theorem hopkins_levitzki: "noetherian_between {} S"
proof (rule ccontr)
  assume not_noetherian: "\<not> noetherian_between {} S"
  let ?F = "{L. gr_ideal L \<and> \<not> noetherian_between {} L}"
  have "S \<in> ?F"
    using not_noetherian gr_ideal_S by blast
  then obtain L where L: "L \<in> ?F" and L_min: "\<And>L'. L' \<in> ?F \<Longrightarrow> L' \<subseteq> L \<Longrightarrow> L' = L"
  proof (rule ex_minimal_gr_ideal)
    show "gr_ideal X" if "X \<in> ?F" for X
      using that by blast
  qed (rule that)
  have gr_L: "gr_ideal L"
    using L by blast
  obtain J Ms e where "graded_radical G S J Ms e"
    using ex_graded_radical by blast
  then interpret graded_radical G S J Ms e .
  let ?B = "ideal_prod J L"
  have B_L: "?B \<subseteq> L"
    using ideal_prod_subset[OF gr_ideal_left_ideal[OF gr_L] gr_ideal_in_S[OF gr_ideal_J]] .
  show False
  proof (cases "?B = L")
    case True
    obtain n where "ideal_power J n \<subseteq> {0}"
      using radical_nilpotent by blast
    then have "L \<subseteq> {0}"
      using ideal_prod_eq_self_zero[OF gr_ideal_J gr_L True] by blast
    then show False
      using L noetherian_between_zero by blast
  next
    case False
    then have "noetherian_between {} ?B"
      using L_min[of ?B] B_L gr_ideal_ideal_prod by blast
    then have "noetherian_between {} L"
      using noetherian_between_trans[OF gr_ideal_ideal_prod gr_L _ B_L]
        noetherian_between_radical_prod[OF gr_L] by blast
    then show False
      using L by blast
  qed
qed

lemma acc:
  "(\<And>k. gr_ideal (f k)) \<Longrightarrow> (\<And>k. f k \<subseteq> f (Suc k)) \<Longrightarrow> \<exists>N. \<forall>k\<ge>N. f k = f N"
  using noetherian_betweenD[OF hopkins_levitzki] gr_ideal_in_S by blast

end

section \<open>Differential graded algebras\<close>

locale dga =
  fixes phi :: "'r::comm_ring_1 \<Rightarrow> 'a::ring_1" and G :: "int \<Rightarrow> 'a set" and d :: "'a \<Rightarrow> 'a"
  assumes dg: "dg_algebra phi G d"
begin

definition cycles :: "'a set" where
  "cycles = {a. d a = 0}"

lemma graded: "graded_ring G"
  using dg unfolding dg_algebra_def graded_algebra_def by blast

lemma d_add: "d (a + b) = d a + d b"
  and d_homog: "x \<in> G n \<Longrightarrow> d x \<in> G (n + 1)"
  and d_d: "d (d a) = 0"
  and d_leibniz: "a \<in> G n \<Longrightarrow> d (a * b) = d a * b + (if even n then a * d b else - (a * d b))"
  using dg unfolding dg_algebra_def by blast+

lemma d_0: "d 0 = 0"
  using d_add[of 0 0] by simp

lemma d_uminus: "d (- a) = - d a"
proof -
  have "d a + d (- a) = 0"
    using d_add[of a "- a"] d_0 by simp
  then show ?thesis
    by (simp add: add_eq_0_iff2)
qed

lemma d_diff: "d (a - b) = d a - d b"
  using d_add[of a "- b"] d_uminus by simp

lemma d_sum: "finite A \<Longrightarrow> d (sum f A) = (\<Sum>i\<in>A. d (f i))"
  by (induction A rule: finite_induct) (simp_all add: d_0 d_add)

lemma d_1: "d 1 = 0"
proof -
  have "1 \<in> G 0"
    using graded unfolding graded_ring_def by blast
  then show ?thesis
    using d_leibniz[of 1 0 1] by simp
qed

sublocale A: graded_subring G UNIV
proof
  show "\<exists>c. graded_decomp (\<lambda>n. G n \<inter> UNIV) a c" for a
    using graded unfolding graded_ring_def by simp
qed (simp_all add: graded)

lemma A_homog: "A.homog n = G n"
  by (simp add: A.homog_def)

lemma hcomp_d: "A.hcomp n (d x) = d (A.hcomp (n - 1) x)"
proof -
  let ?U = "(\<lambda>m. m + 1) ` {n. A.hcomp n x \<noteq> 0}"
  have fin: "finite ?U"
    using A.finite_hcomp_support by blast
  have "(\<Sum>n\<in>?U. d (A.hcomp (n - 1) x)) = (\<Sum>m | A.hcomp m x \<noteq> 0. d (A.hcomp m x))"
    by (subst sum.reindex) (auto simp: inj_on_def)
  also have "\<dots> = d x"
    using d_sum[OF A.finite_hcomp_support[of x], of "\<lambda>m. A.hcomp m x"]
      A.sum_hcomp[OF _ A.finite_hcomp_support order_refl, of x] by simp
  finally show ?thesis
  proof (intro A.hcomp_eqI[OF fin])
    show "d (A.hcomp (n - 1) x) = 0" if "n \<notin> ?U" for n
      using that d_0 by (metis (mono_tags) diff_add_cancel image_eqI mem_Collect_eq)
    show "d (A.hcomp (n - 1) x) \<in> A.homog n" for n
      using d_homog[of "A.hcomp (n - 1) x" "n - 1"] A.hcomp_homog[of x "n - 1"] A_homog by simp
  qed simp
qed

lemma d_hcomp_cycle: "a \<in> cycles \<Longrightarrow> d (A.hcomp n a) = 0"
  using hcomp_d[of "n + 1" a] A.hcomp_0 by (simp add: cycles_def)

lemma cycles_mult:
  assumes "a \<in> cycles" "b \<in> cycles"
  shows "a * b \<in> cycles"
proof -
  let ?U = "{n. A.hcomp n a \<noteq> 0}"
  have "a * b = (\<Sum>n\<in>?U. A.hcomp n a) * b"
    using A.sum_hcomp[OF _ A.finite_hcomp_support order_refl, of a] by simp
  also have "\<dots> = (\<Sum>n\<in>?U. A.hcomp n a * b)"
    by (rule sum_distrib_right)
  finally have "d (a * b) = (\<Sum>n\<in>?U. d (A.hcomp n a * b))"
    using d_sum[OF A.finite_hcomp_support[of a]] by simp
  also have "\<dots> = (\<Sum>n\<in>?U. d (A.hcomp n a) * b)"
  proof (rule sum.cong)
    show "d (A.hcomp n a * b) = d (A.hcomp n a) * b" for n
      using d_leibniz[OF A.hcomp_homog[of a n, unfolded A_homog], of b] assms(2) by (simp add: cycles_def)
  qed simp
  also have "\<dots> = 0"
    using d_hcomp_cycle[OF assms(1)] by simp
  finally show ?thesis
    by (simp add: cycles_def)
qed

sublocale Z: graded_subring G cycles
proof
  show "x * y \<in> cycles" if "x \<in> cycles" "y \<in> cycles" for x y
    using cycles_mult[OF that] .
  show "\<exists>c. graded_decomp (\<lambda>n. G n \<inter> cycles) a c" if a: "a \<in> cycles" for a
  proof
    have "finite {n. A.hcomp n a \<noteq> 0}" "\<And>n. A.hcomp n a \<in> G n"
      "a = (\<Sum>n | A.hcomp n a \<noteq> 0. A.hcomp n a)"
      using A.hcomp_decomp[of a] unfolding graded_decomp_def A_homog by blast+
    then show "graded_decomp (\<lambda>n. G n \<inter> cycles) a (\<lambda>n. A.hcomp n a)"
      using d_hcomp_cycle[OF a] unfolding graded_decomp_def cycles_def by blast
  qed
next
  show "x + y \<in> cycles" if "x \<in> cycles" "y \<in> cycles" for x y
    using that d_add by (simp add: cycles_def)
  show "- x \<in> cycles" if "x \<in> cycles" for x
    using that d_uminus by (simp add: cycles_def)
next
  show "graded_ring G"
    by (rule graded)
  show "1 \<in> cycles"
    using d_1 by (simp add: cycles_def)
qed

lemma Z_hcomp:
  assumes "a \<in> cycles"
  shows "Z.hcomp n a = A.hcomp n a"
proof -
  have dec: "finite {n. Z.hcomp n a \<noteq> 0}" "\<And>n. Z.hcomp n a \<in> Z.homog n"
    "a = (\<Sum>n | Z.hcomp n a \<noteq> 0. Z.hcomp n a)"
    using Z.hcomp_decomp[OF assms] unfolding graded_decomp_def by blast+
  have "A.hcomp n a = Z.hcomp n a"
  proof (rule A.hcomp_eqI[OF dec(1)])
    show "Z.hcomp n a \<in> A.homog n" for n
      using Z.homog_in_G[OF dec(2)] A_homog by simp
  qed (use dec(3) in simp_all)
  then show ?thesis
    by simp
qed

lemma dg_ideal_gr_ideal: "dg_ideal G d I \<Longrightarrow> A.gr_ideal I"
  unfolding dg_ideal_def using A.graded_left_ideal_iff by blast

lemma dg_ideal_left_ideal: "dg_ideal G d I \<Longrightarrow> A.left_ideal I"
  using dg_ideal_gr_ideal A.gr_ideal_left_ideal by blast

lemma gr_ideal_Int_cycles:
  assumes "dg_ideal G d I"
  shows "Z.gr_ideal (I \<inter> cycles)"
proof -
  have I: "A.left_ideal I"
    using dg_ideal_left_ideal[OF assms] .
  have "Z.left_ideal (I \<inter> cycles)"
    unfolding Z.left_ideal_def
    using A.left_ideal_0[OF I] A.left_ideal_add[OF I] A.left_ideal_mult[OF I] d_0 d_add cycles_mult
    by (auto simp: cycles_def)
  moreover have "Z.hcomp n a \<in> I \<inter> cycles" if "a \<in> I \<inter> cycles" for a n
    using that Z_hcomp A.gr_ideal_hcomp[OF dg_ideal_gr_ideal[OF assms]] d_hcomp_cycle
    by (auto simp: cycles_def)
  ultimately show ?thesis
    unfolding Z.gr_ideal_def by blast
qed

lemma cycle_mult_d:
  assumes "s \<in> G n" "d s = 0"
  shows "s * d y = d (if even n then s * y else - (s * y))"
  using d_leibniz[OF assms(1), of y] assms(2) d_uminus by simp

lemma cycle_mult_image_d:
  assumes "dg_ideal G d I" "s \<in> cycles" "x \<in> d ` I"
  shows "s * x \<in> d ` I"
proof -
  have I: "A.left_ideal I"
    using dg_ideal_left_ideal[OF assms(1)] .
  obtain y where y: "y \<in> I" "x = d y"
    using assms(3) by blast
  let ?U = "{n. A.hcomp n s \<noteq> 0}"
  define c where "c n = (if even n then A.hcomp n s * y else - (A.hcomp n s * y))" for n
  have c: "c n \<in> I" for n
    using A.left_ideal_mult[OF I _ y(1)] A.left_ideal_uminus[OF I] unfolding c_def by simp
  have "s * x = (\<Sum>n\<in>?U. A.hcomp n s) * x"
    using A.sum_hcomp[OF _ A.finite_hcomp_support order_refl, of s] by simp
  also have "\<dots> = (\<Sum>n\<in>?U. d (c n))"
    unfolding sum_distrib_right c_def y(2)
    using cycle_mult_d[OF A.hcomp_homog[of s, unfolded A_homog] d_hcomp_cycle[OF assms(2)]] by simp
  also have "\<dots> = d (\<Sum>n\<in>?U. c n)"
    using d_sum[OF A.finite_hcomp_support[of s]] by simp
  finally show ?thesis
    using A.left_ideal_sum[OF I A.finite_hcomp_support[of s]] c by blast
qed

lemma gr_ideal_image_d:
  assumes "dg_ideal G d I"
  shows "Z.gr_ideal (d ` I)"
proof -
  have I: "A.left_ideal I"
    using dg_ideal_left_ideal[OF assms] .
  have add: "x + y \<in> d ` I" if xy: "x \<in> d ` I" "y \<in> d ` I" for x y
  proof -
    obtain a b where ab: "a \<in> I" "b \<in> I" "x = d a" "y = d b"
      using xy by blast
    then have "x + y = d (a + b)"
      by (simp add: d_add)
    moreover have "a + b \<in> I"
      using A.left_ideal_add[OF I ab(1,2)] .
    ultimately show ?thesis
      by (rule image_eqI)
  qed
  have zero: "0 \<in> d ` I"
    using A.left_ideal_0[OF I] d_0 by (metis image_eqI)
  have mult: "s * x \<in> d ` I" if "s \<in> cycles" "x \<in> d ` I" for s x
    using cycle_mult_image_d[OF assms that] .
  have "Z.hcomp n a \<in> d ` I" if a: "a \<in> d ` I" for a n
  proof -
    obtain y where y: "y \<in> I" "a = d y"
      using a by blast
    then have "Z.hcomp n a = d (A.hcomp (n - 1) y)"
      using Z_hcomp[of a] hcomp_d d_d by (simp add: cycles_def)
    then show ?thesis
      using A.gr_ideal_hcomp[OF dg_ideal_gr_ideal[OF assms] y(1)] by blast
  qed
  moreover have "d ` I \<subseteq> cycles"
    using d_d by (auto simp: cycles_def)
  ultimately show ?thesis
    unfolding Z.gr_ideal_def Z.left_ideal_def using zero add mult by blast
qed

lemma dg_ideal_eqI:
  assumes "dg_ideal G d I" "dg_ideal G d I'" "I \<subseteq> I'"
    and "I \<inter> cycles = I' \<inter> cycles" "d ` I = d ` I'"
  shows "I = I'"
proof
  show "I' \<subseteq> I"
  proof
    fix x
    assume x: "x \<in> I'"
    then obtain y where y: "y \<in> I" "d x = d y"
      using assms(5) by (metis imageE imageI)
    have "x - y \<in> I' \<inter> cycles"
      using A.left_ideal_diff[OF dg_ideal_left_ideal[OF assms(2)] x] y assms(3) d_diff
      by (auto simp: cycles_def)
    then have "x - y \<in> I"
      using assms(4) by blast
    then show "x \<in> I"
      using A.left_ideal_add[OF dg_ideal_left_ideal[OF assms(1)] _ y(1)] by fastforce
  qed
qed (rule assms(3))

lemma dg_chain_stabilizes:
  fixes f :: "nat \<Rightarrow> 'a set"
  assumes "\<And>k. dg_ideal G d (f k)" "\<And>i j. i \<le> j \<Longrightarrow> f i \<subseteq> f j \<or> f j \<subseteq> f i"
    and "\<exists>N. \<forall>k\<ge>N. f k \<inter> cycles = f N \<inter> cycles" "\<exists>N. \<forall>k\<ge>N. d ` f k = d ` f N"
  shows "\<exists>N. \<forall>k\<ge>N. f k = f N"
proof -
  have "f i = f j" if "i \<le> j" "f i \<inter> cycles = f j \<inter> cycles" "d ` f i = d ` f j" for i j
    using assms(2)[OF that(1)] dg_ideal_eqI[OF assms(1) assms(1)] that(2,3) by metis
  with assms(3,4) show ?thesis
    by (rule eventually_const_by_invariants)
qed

WHAT YOU ARE ASKED TO DO → Of the lines above, show those in which "obtain" appears.

ANSWER AREA →
  then obtain L where L: "L \<in> ?F" and L_min: "\<And>L'. L' \<in> ?F \<Longrightarrow> L' \<subseteq> L \<Longrightarrow> L' = L"
  obtain J Ms e where "graded_radical G S J Ms e"
    obtain n where "ideal_power J n \<subseteq> {0}"
  obtain y where y: "y \<in> I" "x = d y"
    obtain a b where ab: "a \<in> I" "b \<in> I" "x = d a" "y = d b"
    obtain y where y: "y \<in> I" "a = d y"
    then obtain y where y: "y \<in> I" "d x = d y"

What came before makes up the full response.